Top of PROVIDED RECORDS
lemma nn_integral_joint_p_estimate_div_q_estimate_le:
  "(\<integral>\<^sup>+(z, \<psi>0, \<psi>s, \<zeta>s). ennreal (p_estimate z \<zeta>s / q_estimate z \<psi>0 \<psi>s) \<partial>joint) \<le> 1"
proof -
  have "(\<lambda>(z, \<psi>0, \<psi>s). ennreal (1 / q_estimate z \<psi>0 \<psi>s)) \<in> borel_measurable (MZ \<Otimes>\<^sub>M MP \<Otimes>\<^sub>M MPs)"
    "(\<lambda>(z, \<zeta>s). ennreal (p_estimate z \<zeta>s)) \<in> borel_measurable (MZ \<Otimes>\<^sub>M MRs)"
    by measurable
  from nn_integral_joint_factor[OF this] have "(\<integral>\<^sup>+(z, \<psi>0, \<psi>s, \<zeta>s). ennreal (p_estimate z \<zeta>s / q_estimate z \<psi>0 \<psi>s) \<partial>joint)
      = (\<integral>\<^sup>+z. (\<integral>\<^sup>+\<psi>0. \<integral>\<^sup>+\<psi>s. ennreal (q z \<psi>0 * (\<Prod>k\<in>{1..K}. tau z (\<psi>s k)))
                  * ennreal (1 / q_estimate z \<psi>0 \<psi>s) \<partial>MPs \<partial>MP)
             * (\<integral>\<^sup>+\<zeta>s. ennreal (\<Prod>l\<in>{1..L}. rho z (\<zeta>s l)) * ennreal (p_estimate z \<zeta>s) \<partial>MRs) \<partial>MZ)"
    by (simp add: ennreal_divide_eq_one_divide_mult[OF p_estimate_nonneg])
  also have "\<dots> \<le> (\<integral>\<^sup>+z. 1 * p_marginal z \<partial>MZ)"
  proof (intro nn_integral_mono mult_mono)
    fix z assume z: "z \<in> space MZ"
    show "(\<integral>\<^sup>+\<psi>0. \<integral>\<^sup>+\<psi>s. ennreal (q z \<psi>0 * (\<Prod>k\<in>{1..K}. tau z (\<psi>s k)))
        * ennreal (1 / q_estimate z \<psi>0 \<psi>s) \<partial>MPs \<partial>MP) \<le> 1"
      using z by (rule nn_integral_q_tau_div_q_estimate_le)
    show "(\<integral>\<^sup>+\<zeta>s. ennreal (\<Prod>l\<in>{1..L}. rho z (\<zeta>s l)) * ennreal (p_estimate z \<zeta>s) \<partial>MRs) \<le> p_marginal z"
      using z by (rule nn_integral_rho_p_estimate_le)
  qed simp_all
  finally show ?thesis
    by (simp add: nn_integral_p_marginal)
qed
Bottom of PROVIDED RECORDS
Your reply must contain exactly the lines from the first line of the data through the line holding "from nn_integral_joint_factor[OF this]", and nothing more.

lemma nn_integral_joint_p_estimate_div_q_estimate_le:
  "(\<integral>\<^sup>+(z, \<psi>0, \<psi>s, \<zeta>s). ennreal (p_estimate z \<zeta>s / q_estimate z \<psi>0 \<psi>s) \<partial>joint) \<le> 1"
proof -
  have "(\<lambda>(z, \<psi>0, \<psi>s). ennreal (1 / q_estimate z \<psi>0 \<psi>s)) \<in> borel_measurable (MZ \<Otimes>\<^sub>M MP \<Otimes>\<^sub>M MPs)"
    "(\<lambda>(z, \<zeta>s). ennreal (p_estimate z \<zeta>s)) \<in> borel_measurable (MZ \<Otimes>\<^sub>M MRs)"
    by measurable
  from nn_integral_joint_factor[OF this] have "(\<integral>\<^sup>+(z, \<psi>0, \<psi>s, \<zeta>s). ennreal (p_estimate z \<zeta>s / q_estimate z \<psi>0 \<psi>s) \<partial>joint)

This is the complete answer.